That the Defendants’ special plea, in relation to prescription of
Plaintiffs’ claim,
is dismissed.
2.
That the Plaintiffs succeed on the merits for such damages as they
can prove.
3.
That the Defendants pay the costs, including Counsel’s fees.”
[44]     We
were of the view that the orders were not appealable insofar as there
was yet a pronouncement to be
made on the
quantum
of the
claim.  Therefore, the following orders were granted:
“
1.
The appeal is struck from the roll.
2.
Leave is granted to both
parties to enrol the matter for arguments and
consideration
of costs
, after final
determination of the quantum of the respondents’ claim in the
Magistrate Court and upon the following conditions:
2.1
If any of the parties
appeal the judgement of the Magistrate Court, the aforesaid enrolment
in respect of costs shall coincide with
the hearing of the appeal.
2.2
If no appeal is lodged against
the judgement of the Magistrate Court within the prescribed time
limit, either party shall be entitled
to enrol this matter for costs
to be determined, after giving 20 (twenty) days’ notice to the
other party.”
(emphasis added)
[45]
Since then the parties came to an agreement pertaining to the
quantum
of the claim and the court
a
quo
made the agreement
an order of court.  The authorities are clear.  A
magistrate’s order in favour of a plaintiff on the
issue of
liability only where the issues of merits and
quantum
have been separated is not appealable.
[25]
[46]
Although the respondents’ counsel decided to deal extensively in
his main heads of argument with the
issue of prescription in the
first 15 pages, he nevertheless made some submissions pertaining to
appealability of the order on pages
16 to 19 of the heads of argument
where after he proceeded with submissions on the merits in another 22
pages.  In hindsight
this was really unnecessary, but in my view
cannot have a bearing on the award to be made.
[47]     The
appellants should never have appealed the order of the court
a quo
and thereafter set the matter down for hearing of the appeal.

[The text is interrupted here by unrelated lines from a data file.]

(* Let $n\geq 2$, $\mathfrak g=\mathfrak{sl}(n+1,\mathbb R)$ with the $|1|$-grading $\mathfrak g=\mathfrak g_{-1}\oplus\mathfrak g_0\oplus\mathfrak g_1$ described below, and let $0\neq Z\in\mathfrak g_1$. Then $$0=C(Z)\subset F(Z)=\{X\in\mathfrak g_{-1}: ZX=0\},\qquad T(Z)=\{X\in\mathfrak g_{-1}: ZX=1\}.$$ Moreover, for every $X\in T(Z)$ the element $A=[Z,X]\in\mathfrak g_0$ acts diagonalizably on $\mathfrak g_{-1}$ and on $\mathbb W$, and: (1) for each $X\in T(Z)$ all eigenvalues of $A$ on $\mathfrak g_{-1}$ are non-positive and the $0$-eigenspace of $A$ on $\mathfrak g_{-1}$ coincides with $C(Z)$; (2) for each $X\in T(Z)$, $\mathbb W_{ss}(A)=0$; (3) $\bigcap_{X\in T(Z)}\mathbb W_{st}(A)=0$.
   Context: Write elements of $\mathfrak{sl}(n+1,\mathbb R)$ in block form with blocks of sizes $1$ and $n$ as $\begin{pmatrix}-\mathrm{tr}(A) & Z\\ X & A\end{pmatrix}$ with $X\in\mathbb R^n$ (column), $A\in\mathfrak{gl}(n,\mathbb R)$, $Z\in\mathbb R^{n*}$ (row). The grading components $\mathfrak g_{-1},\mathfrak g_0,\mathfrak g_1$ are the parts given by $X$, $A$ and $Z$ respectively, and the bracket is the matrix commutator; for $Z\in\mathfrak g_1$, $X\in\mathfrak g_{-1}$, $ZX$ denotes the real number given by the matrix product. For $Z\in\mathfrak g_1$ define $C(Z)=\{X\in\mathfrak g_{-1}:[X,Z]=0\}$, $F(Z)=\{X\in\mathfrak g_{-1}:[X,[X,Z]]=0\}$, and $T(Z)=\{X\in\mathfrak g_{-1}:[[Z,X],X]=-2X,\ [[Z,X],Z]=2Z\}$. The group $G_0\cong GL(n,\mathbb R)$ acts on $\mathfrak g_{\pm1}$ by the adjoint action. $\mathbb W$ denotes the representation of $\mathfrak g_0$ in which the harmonic curvature of projective structures takes values: for $n>2$ it is the subrepresentation of $\Lambda^2\mathfrak g_1\otimes\mathfrak{sl}(\mathfrak g_{-1})$ of projective Weyl curvature tensors (totally trace-free curvature-type tensors); for $n=2$ it is the subrepresentation of $\Lambda^2\mathfrak g_1\otimes\mathfrak g_1$ in which the projective Cotton–York tensor takes values. For $A\in\mathfrak g_0$ acting diagonalizably on a representation $\mathbb W$, $\mathbb W_{ss}(A)$ (resp. $\mathbb W_{st}(A)$) is the sum of eigenspaces of $A$ with negative (resp. non-positive) eigenvalues. *)

theory Defs
  imports "HOL-Analysis.Analysis"
begin

text \<open>The Lie algebra sl(n+1,R) realised as trace-free matrices indexed by the type
  'n option, where None is the index of the 1-block and Some a (a :: 'n) run
  through the n-block.  Elements of g_{-1} are columns X :: real^'n, elements of g_1
  are rows Z :: real^'n, elements of g_0 are A :: real^'n^'n.\<close>

definition blk :: "real^'n \<Rightarrow> real^'n^'n \<Rightarrow> real^'n \<Rightarrow> real^('n::finite option)^('n option)" where
  "blk X A Z = (\<chi> i j. case i of
       None \<Rightarrow> (case j of None \<Rightarrow> - trace A | Some b \<Rightarrow> Z $ b)
     | Some a \<Rightarrow> (case j of None \<Rightarrow> X $ a | Some b \<Rightarrow> A $ a $ b))"
definition cond_exp_event :: "'a measure \<Rightarrow> ('a \<Rightarrow> real) \<Rightarrow> 'a set \<Rightarrow> real" where
  "cond_exp_event M f A = (\<integral>\<omega>. indicator A \<omega> * f \<omega> \<partial>M) / measure M A"

definition Y_in_open :: "'a measure \<Rightarrow> ('a \<Rightarrow> real) \<Rightarrow> ereal \<Rightarrow> ereal \<Rightarrow> 'a set" where
  "Y_in_open M Y t1 t2 = {\<omega> \<in> space M. t1 < ereal (Y \<omega>) \<and> ereal (Y \<omega>) < t2}"

end

theory Submission
  imports Defs
begin

(*
  Write pi = P(X = 1), F(t) = P(Y <= t) and G(t) = P(X = 1, Y <= t). The conditional cdfs of
  Y given X = 1 and X = 0 are G / pi and (F - G) / (1 - pi), so T-independence says exactly that
  G(t) - pi F(t), the covariance of the indicators of X = 1 and Y <= t, vanishes on T.
  Continuity of the conditional cdfs forces Y to be atomless, so across an interval (t1, t2) this
  covariance increases by P(X = 1, t1 < Y < t2) - pi P(t1 < Y < t2), which by the defining
  property of the latent propensity score equals P(t1 < Y < t2) (E(p(Y) | t1 < Y < t2) - pi).
  The covariance vanishes at both (extended real) endpoints of the support of Y and below the
  lower one, so it vanishes on T iff all intervals between points of T and the two endpoints are
  balanced.
*)

context finite_measure
begin

lemma measure_eq_0_if_isCont_cdf:
  fixes Y :: "'a \<Rightarrow> real"
  assumes [measurable]: "Y \<in> borel_measurable M" "Measurable.pred M P"
    and cont: "isCont (\<lambda>t. measure M {\<omega> \<in> space M. Y \<omega> \<le> t \<and> P \<omega>}) a"
  shows "measure M {\<omega> \<in> space M. Y \<omega> = a \<and> P \<omega>} = 0"
proof -
  define C where "C t = measure M {\<omega> \<in> space M. Y \<omega> \<le> t \<and> P \<omega>}" for t
  let ?A = "{\<omega> \<in> space M. Y \<omega> = a \<and> P \<omega>}"
  have jump: "C t \<le> C a - measure M ?A" if "t < a" for t
  proof -
    have "C t + measure M ?A = measure M ({\<omega> \<in> space M. Y \<omega> \<le> t \<and> P \<omega>} \<union> ?A)"
      unfolding C_def using that by (subst finite_measure_Union) auto
    also have "\<dots> \<le> C a"
      unfolding C_def using that by (intro finite_measure_mono) auto
    finally show ?thesis by simp
  qed
  have "(C \<longlongrightarrow> C a) (at_left a)"
    using cont unfolding C_def isCont_def filterlim_at_split by simp
  then have "C a \<le> C a - measure M ?A"
    by (rule tendsto_upperbound)
      (use jump eventually_at_left_real[of "a - 1" a] in \<open>auto elim!: eventually_mono\<close>)
  then show ?thesis
    using measure_nonneg[of M ?A] by simp
qed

The aforesaid authorities are not only clear, but also
well-established
over decades.  Consequently, they should be
ordered to pay the wasted costs pertaining to the appeal hearing on
10 May 2021.
THE JUDGMENT OF THE COURT
A
QUO
[48]
Over and above what is stated in the majority judgment, I deem it
apposite to quote the following conclusion
arrived at by the court
a
quo
in this regard:
“
In June 2014, the Plaintiffs
had no knowledge that the cracks on the property
were
old and gradual, previously patched and caused by active clay soil
and this is the bases
(sic)
on which this claim has been instituted against the Defendants.”
[26]
FACTS NOT IN DISPUTE
[49]     I do
not intend to repeat all undisputed facts, either as mentioned in the
majority judgment or appearing
from the record, but need to emphasise
that except for some minor repairs undertaken by the appellants
before the final deed of sale
was concluded, their dwelling house and
garden were in a neat condition during the two inspections prior to
the sale.
RELEVANT
AUTHORITIES PERTAINING TO PRESCRIPTION
[50]
The majority judgment does
not to deal with the
following further judgments of the Supreme Court of Appeal and the
Constitutional Court, which I deem relevant
in the present
circumstances.  I shall give a brief exposition of the facts and
legal conclusions in respect of each:
50.1
Fluxmans Inc v
Levenson
[27]
-
In this judgment the attorney’s client entered into an oral
contingency fees agreement which provided for exorbitant fees.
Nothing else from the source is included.